◆ WHAT THE TASK ASKS
Copy exactly the lines from the first line of the records below through the line containing "using outdeg_eq_0_iff[OF finite_E]", including both, and nothing else.

Dataset entries
+---+

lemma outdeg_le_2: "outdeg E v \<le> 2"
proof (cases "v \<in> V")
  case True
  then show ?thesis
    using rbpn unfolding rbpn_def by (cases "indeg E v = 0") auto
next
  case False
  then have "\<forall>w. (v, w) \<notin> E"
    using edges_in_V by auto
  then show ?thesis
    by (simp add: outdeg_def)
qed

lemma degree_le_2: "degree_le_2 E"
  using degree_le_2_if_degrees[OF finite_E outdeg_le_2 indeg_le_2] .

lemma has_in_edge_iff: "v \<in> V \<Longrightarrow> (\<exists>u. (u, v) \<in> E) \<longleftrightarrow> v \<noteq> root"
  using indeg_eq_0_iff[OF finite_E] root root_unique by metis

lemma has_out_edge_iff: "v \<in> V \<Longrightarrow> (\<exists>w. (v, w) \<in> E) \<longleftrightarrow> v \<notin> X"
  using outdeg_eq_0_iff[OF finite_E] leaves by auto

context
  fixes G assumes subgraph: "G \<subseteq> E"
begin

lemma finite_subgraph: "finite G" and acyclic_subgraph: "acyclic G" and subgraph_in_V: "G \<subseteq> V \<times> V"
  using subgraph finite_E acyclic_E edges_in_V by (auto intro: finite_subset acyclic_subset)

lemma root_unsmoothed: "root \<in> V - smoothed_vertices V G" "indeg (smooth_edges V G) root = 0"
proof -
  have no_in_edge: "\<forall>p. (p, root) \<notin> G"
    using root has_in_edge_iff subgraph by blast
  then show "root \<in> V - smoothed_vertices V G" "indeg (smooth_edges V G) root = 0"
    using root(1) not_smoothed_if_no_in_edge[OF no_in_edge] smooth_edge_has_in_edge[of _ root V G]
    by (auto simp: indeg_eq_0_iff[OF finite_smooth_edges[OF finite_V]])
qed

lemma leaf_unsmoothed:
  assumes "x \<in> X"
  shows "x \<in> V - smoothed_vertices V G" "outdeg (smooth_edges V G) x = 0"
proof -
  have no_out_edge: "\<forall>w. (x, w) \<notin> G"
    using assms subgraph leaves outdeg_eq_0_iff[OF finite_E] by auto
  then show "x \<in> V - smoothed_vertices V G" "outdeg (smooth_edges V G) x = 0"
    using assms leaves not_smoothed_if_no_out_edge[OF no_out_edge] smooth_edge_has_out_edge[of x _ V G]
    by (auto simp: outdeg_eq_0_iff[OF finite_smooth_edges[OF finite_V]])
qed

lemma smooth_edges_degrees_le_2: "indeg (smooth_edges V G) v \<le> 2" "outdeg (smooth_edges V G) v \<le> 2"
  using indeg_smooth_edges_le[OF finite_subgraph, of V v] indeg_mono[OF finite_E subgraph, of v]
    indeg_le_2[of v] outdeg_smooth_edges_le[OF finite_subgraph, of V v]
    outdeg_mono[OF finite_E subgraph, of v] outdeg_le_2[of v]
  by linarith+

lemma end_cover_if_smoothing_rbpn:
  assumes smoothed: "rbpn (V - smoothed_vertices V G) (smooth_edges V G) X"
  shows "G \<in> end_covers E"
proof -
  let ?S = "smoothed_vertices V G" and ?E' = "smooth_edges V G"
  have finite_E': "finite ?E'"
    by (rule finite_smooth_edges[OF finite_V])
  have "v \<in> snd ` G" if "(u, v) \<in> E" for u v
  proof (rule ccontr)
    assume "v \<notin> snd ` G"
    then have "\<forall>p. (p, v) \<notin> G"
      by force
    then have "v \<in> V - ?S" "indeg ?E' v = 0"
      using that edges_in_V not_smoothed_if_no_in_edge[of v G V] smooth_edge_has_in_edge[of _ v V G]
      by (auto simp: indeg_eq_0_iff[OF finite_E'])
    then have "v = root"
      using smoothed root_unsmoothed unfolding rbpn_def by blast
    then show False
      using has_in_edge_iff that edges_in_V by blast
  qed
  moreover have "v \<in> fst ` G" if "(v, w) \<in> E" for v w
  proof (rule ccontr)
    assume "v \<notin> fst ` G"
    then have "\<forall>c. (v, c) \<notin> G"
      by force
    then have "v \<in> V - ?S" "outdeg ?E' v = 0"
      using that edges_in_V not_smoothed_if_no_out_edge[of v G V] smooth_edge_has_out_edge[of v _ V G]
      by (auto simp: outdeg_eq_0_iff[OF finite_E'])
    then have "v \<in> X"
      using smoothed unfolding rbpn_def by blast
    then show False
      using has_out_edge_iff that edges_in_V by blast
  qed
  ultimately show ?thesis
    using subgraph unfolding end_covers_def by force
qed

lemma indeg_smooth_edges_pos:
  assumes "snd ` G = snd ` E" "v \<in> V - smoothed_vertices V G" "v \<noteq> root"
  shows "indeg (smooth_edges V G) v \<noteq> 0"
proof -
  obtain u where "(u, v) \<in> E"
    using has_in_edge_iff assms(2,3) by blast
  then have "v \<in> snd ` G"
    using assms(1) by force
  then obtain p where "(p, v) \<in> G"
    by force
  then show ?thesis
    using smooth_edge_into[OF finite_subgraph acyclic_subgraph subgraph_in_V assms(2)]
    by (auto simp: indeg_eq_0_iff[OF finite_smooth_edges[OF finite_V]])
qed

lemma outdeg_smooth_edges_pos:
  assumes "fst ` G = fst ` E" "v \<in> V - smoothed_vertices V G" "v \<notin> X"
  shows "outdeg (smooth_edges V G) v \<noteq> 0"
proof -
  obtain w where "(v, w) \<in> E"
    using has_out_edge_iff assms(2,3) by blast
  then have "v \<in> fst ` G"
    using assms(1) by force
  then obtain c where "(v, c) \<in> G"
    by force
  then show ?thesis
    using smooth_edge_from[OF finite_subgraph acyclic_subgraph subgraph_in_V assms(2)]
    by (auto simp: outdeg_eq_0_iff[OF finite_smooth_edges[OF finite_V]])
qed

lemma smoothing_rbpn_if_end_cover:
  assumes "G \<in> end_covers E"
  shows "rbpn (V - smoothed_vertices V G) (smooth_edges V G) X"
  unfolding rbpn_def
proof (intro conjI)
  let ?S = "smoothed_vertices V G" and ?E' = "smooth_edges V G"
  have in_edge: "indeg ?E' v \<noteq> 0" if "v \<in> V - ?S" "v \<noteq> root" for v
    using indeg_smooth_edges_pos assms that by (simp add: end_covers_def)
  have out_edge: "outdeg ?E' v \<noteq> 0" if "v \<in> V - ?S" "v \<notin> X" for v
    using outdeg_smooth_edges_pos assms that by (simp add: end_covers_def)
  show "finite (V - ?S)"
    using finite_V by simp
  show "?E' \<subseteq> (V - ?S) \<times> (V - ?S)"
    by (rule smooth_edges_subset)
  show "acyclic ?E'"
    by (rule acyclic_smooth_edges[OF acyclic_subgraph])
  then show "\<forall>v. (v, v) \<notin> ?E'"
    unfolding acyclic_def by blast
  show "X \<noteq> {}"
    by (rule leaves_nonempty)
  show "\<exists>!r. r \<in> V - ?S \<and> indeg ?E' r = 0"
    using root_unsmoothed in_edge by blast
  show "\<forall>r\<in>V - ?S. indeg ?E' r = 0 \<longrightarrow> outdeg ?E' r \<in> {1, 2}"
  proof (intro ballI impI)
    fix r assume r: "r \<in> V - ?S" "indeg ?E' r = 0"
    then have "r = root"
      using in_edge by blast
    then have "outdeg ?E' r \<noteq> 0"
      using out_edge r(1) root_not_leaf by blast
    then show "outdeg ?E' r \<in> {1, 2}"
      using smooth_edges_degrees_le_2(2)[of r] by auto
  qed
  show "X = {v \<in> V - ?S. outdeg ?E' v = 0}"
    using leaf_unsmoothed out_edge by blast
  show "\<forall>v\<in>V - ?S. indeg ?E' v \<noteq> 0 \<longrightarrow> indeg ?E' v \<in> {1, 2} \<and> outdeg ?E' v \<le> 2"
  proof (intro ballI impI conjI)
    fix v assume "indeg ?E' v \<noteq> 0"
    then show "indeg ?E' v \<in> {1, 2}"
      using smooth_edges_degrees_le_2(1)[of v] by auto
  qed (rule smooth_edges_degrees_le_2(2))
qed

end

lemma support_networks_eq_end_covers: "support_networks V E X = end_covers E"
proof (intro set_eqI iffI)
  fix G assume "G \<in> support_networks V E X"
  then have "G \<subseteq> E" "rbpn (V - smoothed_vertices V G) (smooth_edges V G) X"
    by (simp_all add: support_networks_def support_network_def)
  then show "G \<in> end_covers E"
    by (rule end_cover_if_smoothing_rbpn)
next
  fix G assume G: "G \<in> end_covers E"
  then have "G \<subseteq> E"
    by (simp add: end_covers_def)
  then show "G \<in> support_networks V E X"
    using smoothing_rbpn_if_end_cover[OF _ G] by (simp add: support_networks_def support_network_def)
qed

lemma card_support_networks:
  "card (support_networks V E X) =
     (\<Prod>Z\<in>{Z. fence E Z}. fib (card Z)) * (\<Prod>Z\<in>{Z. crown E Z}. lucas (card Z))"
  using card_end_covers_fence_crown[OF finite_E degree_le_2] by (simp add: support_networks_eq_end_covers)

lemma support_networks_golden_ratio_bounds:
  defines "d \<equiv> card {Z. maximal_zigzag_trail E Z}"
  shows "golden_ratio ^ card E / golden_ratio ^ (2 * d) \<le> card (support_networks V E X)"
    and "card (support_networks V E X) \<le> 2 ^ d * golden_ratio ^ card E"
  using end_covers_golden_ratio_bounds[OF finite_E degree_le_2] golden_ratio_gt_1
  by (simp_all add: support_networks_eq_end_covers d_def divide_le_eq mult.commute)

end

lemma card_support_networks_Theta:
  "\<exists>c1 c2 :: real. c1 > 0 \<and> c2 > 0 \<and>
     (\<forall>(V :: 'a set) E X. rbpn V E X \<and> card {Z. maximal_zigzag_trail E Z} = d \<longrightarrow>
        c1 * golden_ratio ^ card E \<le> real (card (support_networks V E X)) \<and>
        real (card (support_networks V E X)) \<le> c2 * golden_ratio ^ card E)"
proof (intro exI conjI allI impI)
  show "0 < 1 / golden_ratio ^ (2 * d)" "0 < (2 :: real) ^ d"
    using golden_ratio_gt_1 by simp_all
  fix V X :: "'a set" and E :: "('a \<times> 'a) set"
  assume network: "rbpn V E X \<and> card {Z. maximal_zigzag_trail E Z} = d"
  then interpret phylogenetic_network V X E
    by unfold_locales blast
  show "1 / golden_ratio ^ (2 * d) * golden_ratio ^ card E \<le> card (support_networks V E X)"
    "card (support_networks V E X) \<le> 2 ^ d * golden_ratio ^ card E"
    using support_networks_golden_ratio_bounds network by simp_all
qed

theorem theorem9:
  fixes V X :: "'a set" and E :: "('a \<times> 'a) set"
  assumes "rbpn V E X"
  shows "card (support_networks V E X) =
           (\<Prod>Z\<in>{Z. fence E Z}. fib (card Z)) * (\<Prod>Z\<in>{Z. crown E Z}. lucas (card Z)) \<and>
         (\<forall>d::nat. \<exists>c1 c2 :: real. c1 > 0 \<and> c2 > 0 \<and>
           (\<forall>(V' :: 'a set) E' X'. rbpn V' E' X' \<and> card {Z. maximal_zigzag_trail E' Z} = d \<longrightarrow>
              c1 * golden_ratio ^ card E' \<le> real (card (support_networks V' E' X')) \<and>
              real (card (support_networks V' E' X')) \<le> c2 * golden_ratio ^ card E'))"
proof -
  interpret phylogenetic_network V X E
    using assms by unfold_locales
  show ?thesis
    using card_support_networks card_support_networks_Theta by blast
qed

+---+

◆ ANSWER SECTION
lemma outdeg_le_2: "outdeg E v \<le> 2"
proof (cases "v \<in> V")
  case True
  then show ?thesis
    using rbpn unfolding rbpn_def by (cases "indeg E v = 0") auto
next
  case False
  then have "\<forall>w. (v, w) \<notin> E"
    using edges_in_V by auto
  then show ?thesis
    by (simp add: outdeg_def)
qed

lemma degree_le_2: "degree_le_2 E"
  using degree_le_2_if_degrees[OF finite_E outdeg_le_2 indeg_le_2] .

lemma has_in_edge_iff: "v \<in> V \<Longrightarrow> (\<exists>u. (u, v) \<in> E) \<longleftrightarrow> v \<noteq> root"
  using indeg_eq_0_iff[OF finite_E] root root_unique by metis

lemma has_out_edge_iff: "v \<in> V \<Longrightarrow> (\<exists>w. (v, w) \<in> E) \<longleftrightarrow> v \<notin> X"
  using outdeg_eq_0_iff[OF finite_E] leaves by auto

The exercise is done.